Work item = Nothing but the lines from the one containing "by (simp add: abs_mult" through the one containing "fix k assume", both included, should be given again, each exactly as written below.
┌────────
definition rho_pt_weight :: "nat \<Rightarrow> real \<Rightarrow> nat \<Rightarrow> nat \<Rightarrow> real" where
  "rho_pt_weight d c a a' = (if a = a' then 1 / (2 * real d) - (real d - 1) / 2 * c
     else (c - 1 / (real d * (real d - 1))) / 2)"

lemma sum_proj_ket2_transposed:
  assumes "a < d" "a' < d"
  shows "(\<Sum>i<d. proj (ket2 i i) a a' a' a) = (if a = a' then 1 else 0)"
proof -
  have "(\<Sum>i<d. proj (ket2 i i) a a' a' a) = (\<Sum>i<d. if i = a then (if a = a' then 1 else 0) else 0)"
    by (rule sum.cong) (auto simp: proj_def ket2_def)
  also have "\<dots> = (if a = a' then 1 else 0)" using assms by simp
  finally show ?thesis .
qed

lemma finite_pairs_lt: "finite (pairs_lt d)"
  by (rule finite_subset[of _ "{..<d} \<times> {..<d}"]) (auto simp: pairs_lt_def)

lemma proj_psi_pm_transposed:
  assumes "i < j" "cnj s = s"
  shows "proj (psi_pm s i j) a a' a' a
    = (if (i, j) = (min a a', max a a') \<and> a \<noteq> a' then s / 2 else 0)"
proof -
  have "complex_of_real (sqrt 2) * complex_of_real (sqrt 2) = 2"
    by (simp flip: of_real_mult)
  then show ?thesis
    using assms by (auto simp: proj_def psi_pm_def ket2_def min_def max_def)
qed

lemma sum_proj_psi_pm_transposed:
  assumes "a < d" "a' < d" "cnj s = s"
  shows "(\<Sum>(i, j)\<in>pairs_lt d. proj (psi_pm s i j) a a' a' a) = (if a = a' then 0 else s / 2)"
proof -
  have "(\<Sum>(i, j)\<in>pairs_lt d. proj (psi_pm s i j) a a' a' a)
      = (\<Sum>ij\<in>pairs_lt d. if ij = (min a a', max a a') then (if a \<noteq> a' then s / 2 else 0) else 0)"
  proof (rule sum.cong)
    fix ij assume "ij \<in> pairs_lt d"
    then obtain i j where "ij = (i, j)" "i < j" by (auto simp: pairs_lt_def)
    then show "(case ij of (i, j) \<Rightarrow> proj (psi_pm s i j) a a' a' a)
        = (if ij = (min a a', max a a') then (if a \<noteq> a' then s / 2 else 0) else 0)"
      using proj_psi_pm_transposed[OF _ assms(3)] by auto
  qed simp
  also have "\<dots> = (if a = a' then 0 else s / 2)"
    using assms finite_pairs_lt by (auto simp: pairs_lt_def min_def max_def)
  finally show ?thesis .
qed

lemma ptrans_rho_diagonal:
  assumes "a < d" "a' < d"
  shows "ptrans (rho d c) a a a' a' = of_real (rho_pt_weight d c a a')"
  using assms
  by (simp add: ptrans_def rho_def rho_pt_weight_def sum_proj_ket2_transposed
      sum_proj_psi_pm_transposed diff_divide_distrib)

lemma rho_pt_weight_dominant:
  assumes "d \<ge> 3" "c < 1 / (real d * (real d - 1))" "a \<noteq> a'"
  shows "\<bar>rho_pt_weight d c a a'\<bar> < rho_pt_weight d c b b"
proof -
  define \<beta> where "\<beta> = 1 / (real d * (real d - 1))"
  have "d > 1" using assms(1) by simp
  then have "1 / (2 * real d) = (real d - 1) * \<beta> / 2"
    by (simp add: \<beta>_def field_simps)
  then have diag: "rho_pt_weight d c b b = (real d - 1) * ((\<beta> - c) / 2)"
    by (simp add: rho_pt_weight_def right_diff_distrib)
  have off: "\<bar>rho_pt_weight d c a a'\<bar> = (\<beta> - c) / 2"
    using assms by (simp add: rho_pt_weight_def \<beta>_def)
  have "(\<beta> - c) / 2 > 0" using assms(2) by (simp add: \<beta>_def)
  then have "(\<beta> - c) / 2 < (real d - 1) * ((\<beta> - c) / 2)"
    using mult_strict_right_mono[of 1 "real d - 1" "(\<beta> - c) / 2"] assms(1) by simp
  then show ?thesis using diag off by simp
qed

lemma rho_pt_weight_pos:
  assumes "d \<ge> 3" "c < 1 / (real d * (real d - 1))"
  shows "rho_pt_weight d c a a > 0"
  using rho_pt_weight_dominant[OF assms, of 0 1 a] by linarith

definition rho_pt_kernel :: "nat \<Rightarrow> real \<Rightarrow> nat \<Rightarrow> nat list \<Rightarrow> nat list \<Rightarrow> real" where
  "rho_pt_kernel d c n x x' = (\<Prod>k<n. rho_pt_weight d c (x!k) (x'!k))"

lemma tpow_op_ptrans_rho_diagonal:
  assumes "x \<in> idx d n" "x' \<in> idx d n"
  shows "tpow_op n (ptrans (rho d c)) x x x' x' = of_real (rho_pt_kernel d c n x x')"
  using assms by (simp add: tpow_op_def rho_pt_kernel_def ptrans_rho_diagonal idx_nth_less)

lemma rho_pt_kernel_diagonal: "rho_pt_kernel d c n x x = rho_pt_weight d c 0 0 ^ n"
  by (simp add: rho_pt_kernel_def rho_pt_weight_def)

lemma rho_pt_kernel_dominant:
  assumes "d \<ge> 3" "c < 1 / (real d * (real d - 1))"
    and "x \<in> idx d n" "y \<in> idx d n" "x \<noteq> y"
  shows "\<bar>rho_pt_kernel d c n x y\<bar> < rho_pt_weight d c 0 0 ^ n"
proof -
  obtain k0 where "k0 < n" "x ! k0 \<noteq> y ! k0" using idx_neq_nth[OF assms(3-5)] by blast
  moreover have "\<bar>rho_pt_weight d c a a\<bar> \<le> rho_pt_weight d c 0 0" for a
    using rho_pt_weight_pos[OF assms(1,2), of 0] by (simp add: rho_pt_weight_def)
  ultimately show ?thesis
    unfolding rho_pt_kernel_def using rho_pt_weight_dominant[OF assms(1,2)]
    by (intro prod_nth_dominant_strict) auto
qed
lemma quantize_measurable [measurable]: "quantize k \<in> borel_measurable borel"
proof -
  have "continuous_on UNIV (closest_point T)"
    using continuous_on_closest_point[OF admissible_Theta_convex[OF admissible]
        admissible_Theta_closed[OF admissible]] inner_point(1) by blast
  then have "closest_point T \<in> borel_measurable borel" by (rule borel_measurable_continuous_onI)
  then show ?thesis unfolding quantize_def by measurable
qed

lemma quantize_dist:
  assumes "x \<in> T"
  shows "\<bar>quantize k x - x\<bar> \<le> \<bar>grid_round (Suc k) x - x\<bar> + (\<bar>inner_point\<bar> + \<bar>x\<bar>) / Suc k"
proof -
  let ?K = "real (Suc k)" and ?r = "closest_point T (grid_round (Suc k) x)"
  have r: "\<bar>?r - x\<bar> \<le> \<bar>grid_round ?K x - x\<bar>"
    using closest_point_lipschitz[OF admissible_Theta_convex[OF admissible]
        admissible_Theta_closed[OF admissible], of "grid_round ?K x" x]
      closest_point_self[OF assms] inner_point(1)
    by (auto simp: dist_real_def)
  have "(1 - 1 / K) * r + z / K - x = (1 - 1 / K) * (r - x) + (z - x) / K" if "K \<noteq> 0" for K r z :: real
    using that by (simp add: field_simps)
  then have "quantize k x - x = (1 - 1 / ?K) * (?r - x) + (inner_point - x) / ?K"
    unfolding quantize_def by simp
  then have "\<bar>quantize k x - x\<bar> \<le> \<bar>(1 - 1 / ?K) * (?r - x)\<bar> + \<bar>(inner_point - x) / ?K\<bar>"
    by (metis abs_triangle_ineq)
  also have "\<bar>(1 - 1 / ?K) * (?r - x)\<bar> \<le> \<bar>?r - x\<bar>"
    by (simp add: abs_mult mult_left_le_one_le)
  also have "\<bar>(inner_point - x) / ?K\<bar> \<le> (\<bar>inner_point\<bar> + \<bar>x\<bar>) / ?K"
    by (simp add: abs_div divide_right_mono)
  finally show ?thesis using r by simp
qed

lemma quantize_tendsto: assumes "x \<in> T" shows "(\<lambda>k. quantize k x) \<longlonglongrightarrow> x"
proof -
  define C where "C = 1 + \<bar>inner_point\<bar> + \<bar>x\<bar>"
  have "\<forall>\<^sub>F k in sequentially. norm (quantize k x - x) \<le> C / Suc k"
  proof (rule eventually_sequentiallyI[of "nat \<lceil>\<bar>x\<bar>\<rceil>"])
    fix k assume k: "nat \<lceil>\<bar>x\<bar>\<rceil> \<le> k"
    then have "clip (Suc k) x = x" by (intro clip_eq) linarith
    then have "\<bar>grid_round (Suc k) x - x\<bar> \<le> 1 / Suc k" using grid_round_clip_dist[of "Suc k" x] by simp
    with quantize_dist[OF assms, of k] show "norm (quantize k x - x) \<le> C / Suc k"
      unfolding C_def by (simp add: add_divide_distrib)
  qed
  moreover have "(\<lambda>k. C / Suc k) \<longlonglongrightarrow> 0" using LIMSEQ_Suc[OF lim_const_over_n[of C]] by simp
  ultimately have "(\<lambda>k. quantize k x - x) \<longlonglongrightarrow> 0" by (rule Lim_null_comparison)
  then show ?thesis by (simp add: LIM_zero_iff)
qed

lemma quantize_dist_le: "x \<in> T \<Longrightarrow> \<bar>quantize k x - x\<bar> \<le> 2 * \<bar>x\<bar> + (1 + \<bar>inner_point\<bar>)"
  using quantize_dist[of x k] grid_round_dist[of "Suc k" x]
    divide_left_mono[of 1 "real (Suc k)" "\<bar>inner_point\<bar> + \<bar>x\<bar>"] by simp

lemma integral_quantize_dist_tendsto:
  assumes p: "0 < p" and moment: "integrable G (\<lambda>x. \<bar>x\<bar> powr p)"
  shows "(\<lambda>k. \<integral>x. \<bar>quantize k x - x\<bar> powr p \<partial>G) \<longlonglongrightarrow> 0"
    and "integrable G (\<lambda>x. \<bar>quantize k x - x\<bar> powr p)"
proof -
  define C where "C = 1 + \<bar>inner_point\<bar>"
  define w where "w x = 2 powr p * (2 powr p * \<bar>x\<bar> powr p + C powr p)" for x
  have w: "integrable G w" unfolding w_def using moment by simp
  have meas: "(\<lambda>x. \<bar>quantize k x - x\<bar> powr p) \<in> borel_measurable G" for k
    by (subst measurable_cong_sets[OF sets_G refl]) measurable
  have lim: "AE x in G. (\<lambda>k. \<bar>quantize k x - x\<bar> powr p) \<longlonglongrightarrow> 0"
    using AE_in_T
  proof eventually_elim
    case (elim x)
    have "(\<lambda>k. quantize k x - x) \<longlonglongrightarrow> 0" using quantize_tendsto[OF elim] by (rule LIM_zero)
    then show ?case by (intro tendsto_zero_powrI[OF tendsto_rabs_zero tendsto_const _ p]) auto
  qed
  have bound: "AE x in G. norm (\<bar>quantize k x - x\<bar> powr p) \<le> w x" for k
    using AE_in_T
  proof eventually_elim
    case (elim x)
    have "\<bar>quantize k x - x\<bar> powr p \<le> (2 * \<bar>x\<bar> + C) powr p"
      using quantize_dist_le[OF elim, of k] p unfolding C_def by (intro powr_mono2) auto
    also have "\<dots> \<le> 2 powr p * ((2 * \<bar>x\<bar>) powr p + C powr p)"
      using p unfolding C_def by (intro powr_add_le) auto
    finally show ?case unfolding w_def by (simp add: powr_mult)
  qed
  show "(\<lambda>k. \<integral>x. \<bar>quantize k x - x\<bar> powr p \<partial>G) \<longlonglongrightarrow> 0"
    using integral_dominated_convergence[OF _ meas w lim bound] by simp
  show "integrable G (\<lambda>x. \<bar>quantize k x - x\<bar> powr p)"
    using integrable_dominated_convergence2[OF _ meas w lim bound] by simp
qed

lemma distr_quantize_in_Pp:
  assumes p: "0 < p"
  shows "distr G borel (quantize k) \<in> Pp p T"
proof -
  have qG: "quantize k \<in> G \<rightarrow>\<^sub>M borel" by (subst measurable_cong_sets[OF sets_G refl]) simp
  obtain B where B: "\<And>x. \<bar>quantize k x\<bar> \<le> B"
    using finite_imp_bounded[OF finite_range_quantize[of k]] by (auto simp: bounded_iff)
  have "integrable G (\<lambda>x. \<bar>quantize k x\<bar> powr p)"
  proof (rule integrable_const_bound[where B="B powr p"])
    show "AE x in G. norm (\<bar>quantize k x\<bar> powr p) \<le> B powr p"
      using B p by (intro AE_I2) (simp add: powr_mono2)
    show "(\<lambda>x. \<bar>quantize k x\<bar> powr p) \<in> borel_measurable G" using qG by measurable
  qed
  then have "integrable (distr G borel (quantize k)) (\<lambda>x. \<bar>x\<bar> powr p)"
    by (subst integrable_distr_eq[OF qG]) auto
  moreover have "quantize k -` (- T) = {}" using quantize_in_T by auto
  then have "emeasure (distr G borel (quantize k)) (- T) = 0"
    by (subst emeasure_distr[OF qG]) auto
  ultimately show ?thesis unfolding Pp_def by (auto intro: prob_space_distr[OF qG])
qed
└────────
Solved problem =
    by (simp add: abs_mult mult_left_le_one_le)
  also have "\<bar>(inner_point - x) / ?K\<bar> \<le> (\<bar>inner_point\<bar> + \<bar>x\<bar>) / ?K"
    by (simp add: abs_div divide_right_mono)
  finally show ?thesis using r by simp
qed

lemma quantize_tendsto: assumes "x \<in> T" shows "(\<lambda>k. quantize k x) \<longlonglongrightarrow> x"
proof -
  define C where "C = 1 + \<bar>inner_point\<bar> + \<bar>x\<bar>"
  have "\<forall>\<^sub>F k in sequentially. norm (quantize k x - x) \<le> C / Suc k"
  proof (rule eventually_sequentiallyI[of "nat \<lceil>\<bar>x\<bar>\<rceil>"])
    fix k assume k: "nat \<lceil>\<bar>x\<bar>\<rceil> \<le> k"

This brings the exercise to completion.